_Activity_
From the line below that contains "to_perm (gen_diags X" to the line that contains "X Y \<subseteq>", repeat every line exactly, both ends included, and nothing else.

[Exercise input — start]

(* Let $A$ be an $n\times n$ matrix with a designated set of large positions, and let $(X,Y)$ be a restriction with $m=|X|\ge2$ that is $q$-good for some $q<\frac{1}{m(m-1)}$. Then $(X,Y)$ has a $0$-strong line, i.e. a row $i\in X$ with $(i,j)$ large for all $j\in Y$, or a column $j\in Y$ with $(i,j)$ large for all $i\in X$.
   Context: Let $A=(a_{ij})_{i,j\in[n]}$ with a designated set $L\subseteq[n]\times[n]$ of large positions. A restriction is $(X,Y)$ with $X,Y\subseteq[n]$, $|X|=|Y|$; a generalized diagonal of $A[X,Y]$ is $\{(i,\sigma(i)):i\in X\}$ for a bijection $\sigma:X\to Y$, random meaning uniform $\sigma$; it is good if it contains exactly one large position; $(X,Y)$ is $q$-good if a random generalized diagonal is good with probability $\ge1-q$. *)

theory Defs
  imports Complex_Main "HOL-Library.FuncSet"
begin

definition gen_diags :: "nat set \<Rightarrow> nat set \<Rightarrow> (nat \<Rightarrow> nat) set" where
  "gen_diags X Y = {\<sigma> \<in> X \<rightarrow>\<^sub>E Y. bij_betw \<sigma> X Y}"

definition good_diag :: "(nat \<times> nat) set \<Rightarrow> nat set \<Rightarrow> (nat \<Rightarrow> nat) \<Rightarrow> bool" where
  "good_diag L X \<sigma> \<longleftrightarrow> card {i \<in> X. (i, \<sigma> i) \<in> L} = 1"

definition q_good :: "(nat \<times> nat) set \<Rightarrow> real \<Rightarrow> nat set \<Rightarrow> nat set \<Rightarrow> bool" where
  "q_good L q X Y \<longleftrightarrow>
     real (card {\<sigma> \<in> gen_diags X Y. good_diag L X \<sigma>}) / real (card (gen_diags X Y)) \<ge> 1 - q"

end

theory Submission
  imports Defs "HOL-Combinatorics.Permutations"
begin

(* Suppose (X,Y), with m = |X| = |Y| >= 2, has no 0-strong line.
   We show that at least (m-2)! of the m! generalized diagonals are bad, so a
   random diagonal is good with probability at most 1 - 1/(m(m-1)), which
   contradicts q-goodness for q < 1/(m(m-1)).
   If there is no large position at all, every diagonal is bad.  Otherwise
   pick a large (i,j); since row i and column j are not full, there are small
   positions (i,j') and (i',j).  Every diagonal tau of the restriction
   (X - {i,i'}, Y - {j,j'}) extends in two ways, by i |-> j, i' |-> j' or by
   i |-> j', i' |-> j.  If the second extension is good, the first contains its
   unique large position and additionally (i,j), hence is bad.  Choosing a bad
   extension for each tau is injective, giving (m-2)! bad diagonals. *)

text \<open>Diagonals of an m-by-m restriction correspond to permutations of X
  (compose with a fixed bijection Y -> X), so there are m! of them.\<close>

lemma card_gen_diags:
  assumes "finite X" "finite Y" "card X = card Y"
  shows "card (gen_diags X Y) = fact (card X)"
proof -
  obtain h where h: "bij_betw h Y X" using finite_same_card_bij assms by metis
  define g where "g = inv_into Y h"
  have g: "bij_betw g X Y" unfolding g_def by (rule bij_betw_inv_into[OF h])
  define to_perm where "to_perm = (\<lambda>\<sigma>. \<lambda>x. if x \<in> X then h (\<sigma> x) else x)"
  define of_perm where "of_perm = (\<lambda>p. restrict (\<lambda>x. g (p x)) X)"
  have "bij_betw to_perm (gen_diags X Y) {p. p permutes X}"
  proof (rule bij_betw_byWitness[where f' = of_perm])
    show "\<forall>\<sigma>\<in>gen_diags X Y. of_perm (to_perm \<sigma>) = \<sigma>"
      using h unfolding of_perm_def to_perm_def g_def gen_diags_def
      by (auto simp: PiE_def extensional_def bij_betw_def inv_into_f_f Pi_iff fun_eq_iff)
    show "\<forall>p\<in>{p. p permutes X}. to_perm (of_perm p) = p"
    proof
      fix p assume p: "p \<in> {p. p permutes X}"
      have "to_perm (of_perm p) x = p x" for x
      proof (cases "x \<in> X")
        case True
        then have "p x \<in> X" using p permutes_in_image[of p X x] by auto
        then show ?thesis using True h unfolding of_perm_def to_perm_def g_def
          by (simp add: bij_betw_def f_inv_into_f)
      qed (use p in \<open>auto simp: to_perm_def permutes_def\<close>)
      then show "to_perm (of_perm p) = p" by blast
    qed
    show "to_perm ` gen_diags X Y \<subseteq> {p. p permutes X}"
    proof
      fix p assume "p \<in> to_perm ` gen_diags X Y"
      then obtain \<sigma> where \<sigma>: "\<sigma> \<in> gen_diags X Y" and p: "p = to_perm \<sigma>" by auto
      have "bij_betw (h \<circ> \<sigma>) X X"
        using \<sigma> h unfolding gen_diags_def by (auto intro: bij_betw_trans)
      then have "bij_betw p X X"
        unfolding p to_perm_def by (rule bij_betw_cong[THEN iffD1, rotated]) auto
      then show "p \<in> {p. p permutes X}" by (auto intro!: bij_imp_permutes simp: p to_perm_def)
    qed
    show "of_perm ` {p. p permutes X} \<subseteq> gen_diags X Y"
    proof
      fix \<sigma> assume "\<sigma> \<in> of_perm ` {p. p permutes X}"
      then obtain p where p: "p permutes X" and \<sigma>: "\<sigma> = of_perm p" by auto
      have "bij_betw (g \<circ> p) X Y" using p g by (auto intro: bij_betw_trans permutes_imp_bij)
      then have "bij_betw \<sigma> X Y"
        unfolding \<sigma> of_perm_def by (rule bij_betw_cong[THEN iffD1, rotated]) auto
      moreover have "\<sigma> \<in> X \<rightarrow>\<^sub>E Y"
        using \<open>bij_betw \<sigma> X Y\<close> unfolding \<sigma> of_perm_def by (auto simp: bij_betw_def)
      ultimately show "\<sigma> \<in> gen_diags X Y" unfolding gen_diags_def by auto
    qed
  qed
  then have "card (gen_diags X Y) = card {p. p permutes X}" by (rule bij_betw_same_card)
  also have "\<dots> = fact (card X)" using card_permutations assms by blast
  finally show ?thesis .
qed

lemma finite_gen_diags:
  assumes "finite X" "finite Y"
  shows "finite (gen_diags X Y)"
  using finite_PiE[OF assms(1), of "\<lambda>_. Y"] assms(2) unfolding gen_diags_def by simp

lemma fact_split_two:
  assumes "m \<ge> 2"
  shows "real (fact m) = real m * (real m - 1) * real (fact (m - 2))"
proof -
  obtain k where "m = Suc (Suc k)" using assms by (metis add_2_eq_Suc le_Suc_ex)
  then show ?thesis by (simp add: algebra_simps)
qed

lemma gen_diags_extend_two:
  assumes \<tau>: "\<tau> \<in> gen_diags X' Y'"
    and "i \<notin> X'" "i' \<notin> X'" "i \<noteq> i'" "a \<notin> Y'" "b \<notin> Y'" "a \<noteq> b"
  shows "\<tau>(i := a, i' := b) \<in> gen_diags (insert i (insert i' X')) (insert a (insert b Y'))"
proof -
  have \<tau>_bij: "bij_betw \<tau> X' Y'" and \<tau>_ext: "\<tau> \<in> X' \<rightarrow>\<^sub>E Y'"
    using \<tau> unfolding gen_diags_def by auto
  have "bij_betw (\<tau>(i := a, i' := b)) X' Y'"
    by (rule bij_betw_cong[THEN iffD1, OF _ \<tau>_bij]) (use assms in auto)
  moreover have "bij_betw (\<tau>(i := a, i' := b)) {i, i'} {a, b}"
    using assms by (auto simp: bij_betw_def inj_on_def)
  ultimately have "bij_betw (\<tau>(i := a, i' := b)) (X' \<union> {i, i'}) (Y' \<union> {a, b})"
    using assms by (intro bij_betw_combine) auto
  moreover have "\<tau>(i := a, i' := b) \<in> insert i (insert i' X') \<rightarrow>\<^sub>E insert a (insert b Y')"
    using \<tau>_ext by (auto simp: PiE_def Pi_def extensional_def)
  ultimately show ?thesis
    unfolding gen_diags_def by (simp add: insert_commute Un_insert_right)
qed

text \<open>The key exchange argument: if (i,j) is large and (i,j'), (i',j) are small,
  the two extensions of a diagonal of the remaining rows and columns cannot both
  be good, since the first one has the large positions of the second plus (i,j).\<close>

lemma extensions_not_both_good:
  assumes "finite X'" "i \<notin> X'" "i' \<notin> X'" "i \<noteq> i'"
    and "(i, j) \<in> L" "(i, j') \<notin> L" "(i', j) \<notin> L"
  defines "X \<equiv> insert i (insert i' X')"
  shows "\<not> good_diag L X (\<tau>(i := j, i' := j')) \<or> \<not> good_diag L X (\<tau>(i := j', i' := j))"
proof (rule ccontr)
  define S where "S = {x \<in> X'. (x, \<tau> x) \<in> L}"
  assume "\<not> ?thesis"
  then have good1: "card {x \<in> X. (x, (\<tau>(i := j, i' := j')) x) \<in> L} = 1"
    and good2: "card {x \<in> X. (x, (\<tau>(i := j', i' := j)) x) \<in> L} = 1"
    unfolding good_diag_def by auto
  have "{x \<in> X. (x, (\<tau>(i := j', i' := j)) x) \<in> L} = S"
    unfolding S_def X_def using assms by auto
  with good2 have "card (insert i S) = 2"
    using assms unfolding S_def by simp
  moreover have "card (insert i S) \<le> card {x \<in> X. (x, (\<tau>(i := j, i' := j')) x) \<in> L}"
    by (rule card_mono) (use assms in \<open>auto simp: S_def X_def\<close>)
  ultimately show False using good1 by simp
qed

definition bad_diags :: "(nat \<times> nat) set \<Rightarrow> nat set \<Rightarrow> nat set \<Rightarrow> (nat \<Rightarrow> nat) set" where
  "bad_diags L X Y = {\<sigma> \<in> gen_diags X Y. \<not> good_diag L X \<sigma>}"

text \<open>If some row is large at (i,j), small at (i,j'), and some other row is small
  at (i',j), then there are at least (m-2)! bad diagonals: choosing a bad
  extension of each diagonal of (X - {i,i'}, Y - {j,j'}) is injective.\<close>

lemma card_bad_diags_exchange:
  assumes fin: "finite X" "finite Y" and cardXY: "card X = card Y"
    and ij: "i \<in> X" "j \<in> Y" "(i, j) \<in> L"
    and j': "j' \<in> Y" "(i, j') \<notin> L" and i': "i' \<in> X" "(i', j) \<notin> L"
  shows "fact (card X - 2) \<le> card (bad_diags L X Y)"
proof -
  have "i \<noteq> i'" "j \<noteq> j'" using ij i' j' by auto
  define X' where "X' = X - {i, i'}"
  define Y' where "Y' = Y - {j, j'}"
  have X'_fresh: "i \<notin> X'" "i' \<notin> X'" and Y'_fresh: "j \<notin> Y'" "j' \<notin> Y'"
    unfolding X'_def Y'_def by auto
  have X: "X = insert i (insert i' X')" using ij i' unfolding X'_def by auto
  have Y: "Y = insert j (insert j' Y')" "Y = insert j' (insert j Y')"
    using ij j' unfolding Y'_def by auto
  have "card X' = card X - 2" "card Y' = card X - 2"
    unfolding X'_def Y'_def using fin ij i' j' \<open>i \<noteq> i'\<close> \<open>j \<noteq> j'\<close> cardXY
    by (simp_all add: card_Diff_subset)
  then have card_D': "card (gen_diags X' Y') = fact (card X - 2)"
    using card_gen_diags[of X' Y'] fin unfolding X'_def Y'_def by simp
  define ext where "ext = (\<lambda>\<tau>. if good_diag L X (\<tau>(i := j, i' := j'))
                                 then \<tau>(i := j', i' := j) else \<tau>(i := j, i' := j'))"
  have "inj_on ext (gen_diags X' Y')"
  proof (rule inj_onI)
    fix \<tau>1 \<tau>2 assume \<tau>: "\<tau>1 \<in> gen_diags X' Y'" "\<tau>2 \<in> gen_diags X' Y'"
      and eq: "ext \<tau>1 = ext \<tau>2"
    have "\<tau>1 x = \<tau>2 x" for x
    proof (cases "x \<in> X'")
      case True
      then have "ext \<tau>1 x = \<tau>1 x" "ext \<tau>2 x = \<tau>2 x"
        using X'_fresh unfolding ext_def by auto
      then show ?thesis using eq by metis
    qed (use \<tau> in \<open>auto simp: gen_diags_def PiE_def extensional_def\<close>)
    then show "\<tau>1 = \<tau>2" by blast
  qed
  moreover have "ext ` gen_diags X' Y' \<subseteq> bad_diags L X Y"
  proof
    fix \<sigma> assume "\<sigma> \<in> ext ` gen_diags X' Y'"
    then obtain \<tau> where \<tau>: "\<tau> \<in> gen_diags X' Y'" and \<sigma>: "\<sigma> = ext \<tau>" by auto
    have "\<tau>(i := j, i' := j') \<in> gen_diags X Y"
      using gen_diags_extend_two[OF \<tau> X'_fresh \<open>i \<noteq> i'\<close> Y'_fresh \<open>j \<noteq> j'\<close>] X Y(1) by simp
    moreover have "\<tau>(i := j', i' := j) \<in> gen_diags X Y"
      using gen_diags_extend_two[OF \<tau> X'_fresh \<open>i \<noteq> i'\<close> Y'_fresh(2,1)] \<open>j \<noteq> j'\<close> X Y(2)
      by simp
    moreover have "finite X'" using fin unfolding X'_def by simp
    ultimately show "\<sigma> \<in> bad_diags L X Y"
      using extensions_not_both_good[of X' i i' j L j' \<tau>] X'_fresh \<open>i \<noteq> i'\<close> ij j' i'
      unfolding bad_diags_def \<sigma> ext_def X[symmetric] by auto
  qed
  moreover have "finite (bad_diags L X Y)"
    using finite_gen_diags[OF fin] unfolding bad_diags_def by simp
  ultimately show ?thesis using card_D' card_inj_on_le by metis
qed

text \<open>The lower bound for every restriction without a 0-strong line.  Without any
  large position every diagonal is bad; otherwise the exchange argument applies.\<close>

lemma card_bad_diags_no_strong_line:
  assumes fin: "finite X" "finite Y" and cardXY: "card X = card Y"
    and no_row: "\<not> (\<exists>i\<in>X. \<forall>j\<in>Y. (i, j) \<in> L)"
    and no_col: "\<not> (\<exists>j\<in>Y. \<forall>i\<in>X. (i, j) \<in> L)"
  shows "fact (card X - 2) \<le> card (bad_diags L X Y)"
proof (cases "\<exists>i\<in>X. \<exists>j\<in>Y. (i, j) \<in> L")
  case True
  then obtain i j where ij: "i \<in> X" "j \<in> Y" "(i, j) \<in> L" by auto
  moreover obtain j' where "j' \<in> Y" "(i, j') \<notin> L" using no_row ij by auto
  moreover obtain i' where "i' \<in> X" "(i', j) \<notin> L" using no_col ij by auto
  ultimately show ?thesis using card_bad_diags_exchange fin cardXY by blast
next
  case False
  then have no_large: "{i \<in> X. (i, \<sigma> i) \<in> L} = {}" if "\<sigma> \<in> gen_diags X Y" for \<sigma>
    using that unfolding gen_diags_def by (auto simp: PiE_def Pi_def)
  have "\<not> good_diag L X \<sigma>" if "\<sigma> \<in> gen_diags X Y" for \<sigma>
    unfolding good_diag_def using no_large[OF that] by (metis card.empty zero_neq_one)
  then have "bad_diags L X Y = gen_diags X Y"
    unfolding bad_diags_def by auto
  then show ?thesis
    using card_gen_diags[OF fin cardXY] by (simp add: fact_mono)
qed

lemma card_good_plus_bad_diags:
  assumes "finite (gen_diags X Y)"
  shows "card {\<sigma> \<in> gen_diags X Y. good_diag L X \<sigma>} + card (bad_diags L X Y)
         = card (gen_diags X Y)"
proof -
  have "gen_diags X Y = {\<sigma> \<in> gen_diags X Y. good_diag L X \<sigma>} \<union> bad_diags L X Y"
    "{\<sigma> \<in> gen_diags X Y. good_diag L X \<sigma>} \<inter> bad_diags L X Y = {}"
    unfolding bad_diags_def by auto
  then show ?thesis using assms by (metis card_Un_disjoint finite_Un)
qed

theorem lemma2p14:
  fixes n m :: nat and L :: "(nat \<times> nat) set" and X Y :: "nat set" and q :: real
  assumes "L \<subseteq> {..<n} \<times> {..<n}"
    and "X \<subseteq> {..<n}" and "Y \<subseteq> {..<n}" and "card X = card Y"
    and "m = card X" and "m \<ge> 2"
    and "q_good L q X Y"
    and "q < 1 / (real m * (real m - 1))"
  shows "(\<exists>i\<in>X. \<forall>j\<in>Y. (i, j) \<in> L) \<or> (\<exists>j\<in>Y. \<forall>i\<in>X. (i, j) \<in> L)"
proof (rule ccontr)
  assume no_line: "\<not> ?thesis"
  have fin: "finite X" "finite Y" using assms(4-6) by (auto intro: card_ge_0_finite)
  define M where "M = real m * (real m - 1)"
  define f where "f = real (fact (m - 2))"
  have "M > 0" "f > 0" using assms(6) unfolding M_def f_def by auto
  have all: "real (card (gen_diags X Y)) = M * f"
    using card_gen_diags[OF fin assms(4)] fact_split_two[OF assms(6)] assms(5)
    unfolding M_def f_def by simp
  have bad: "f \<le> real (card (bad_diags L X Y))"
    using card_bad_diags_no_strong_line[OF fin assms(4)] no_line assms(5)
    unfolding f_def by (metis of_nat_le_iff)
  have "1 - q \<le> real (card {\<sigma> \<in> gen_diags X Y. good_diag L X \<sigma>}) / (M * f)"
    using assms(7) all unfolding q_good_def by simp
  also have "\<dots> \<le> (M * f - f) / (M * f)"
  proof (intro divide_right_mono)
    show "real (card {\<sigma> \<in> gen_diags X Y. good_diag L X \<sigma>}) \<le> M * f - f"
      using card_good_plus_bad_diags[OF finite_gen_diags[OF fin], of L] all bad
      by (metis of_nat_add add_diff_cancel_right' diff_left_mono)
  qed (use \<open>M > 0\<close> \<open>f > 0\<close> in simp)
  also have "\<dots> = 1 - 1 / M" using \<open>M > 0\<close> \<open>f > 0\<close> by (simp add: field_simps)
  finally show False using assms(8) unfolding M_def by simp
qed

end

[Exercise input — finish]

_Exercise answer_
  have "bij_betw to_perm (gen_diags X Y) {p. p permutes X}"
  proof (rule bij_betw_byWitness[where f' = of_perm])
    show "\<forall>\<sigma>\<in>gen_diags X Y. of_perm (to_perm \<sigma>) = \<sigma>"
      using h unfolding of_perm_def to_perm_def g_def gen_diags_def
      by (auto simp: PiE_def extensional_def bij_betw_def inv_into_f_f Pi_iff fun_eq_iff)
    show "\<forall>p\<in>{p. p permutes X}. to_perm (of_perm p) = p"
    proof
      fix p assume p: "p \<in> {p. p permutes X}"
      have "to_perm (of_perm p) x = p x" for x
      proof (cases "x \<in> X")
        case True
        then have "p x \<in> X" using p permutes_in_image[of p X x] by auto
        then show ?thesis using True h unfolding of_perm_def to_perm_def g_def
          by (simp add: bij_betw_def f_inv_into_f)
      qed (use p in \<open>auto simp: to_perm_def permutes_def\<close>)
      then show "to_perm (of_perm p) = p" by blast
    qed
    show "to_perm ` gen_diags X Y \<subseteq> {p. p permutes X}"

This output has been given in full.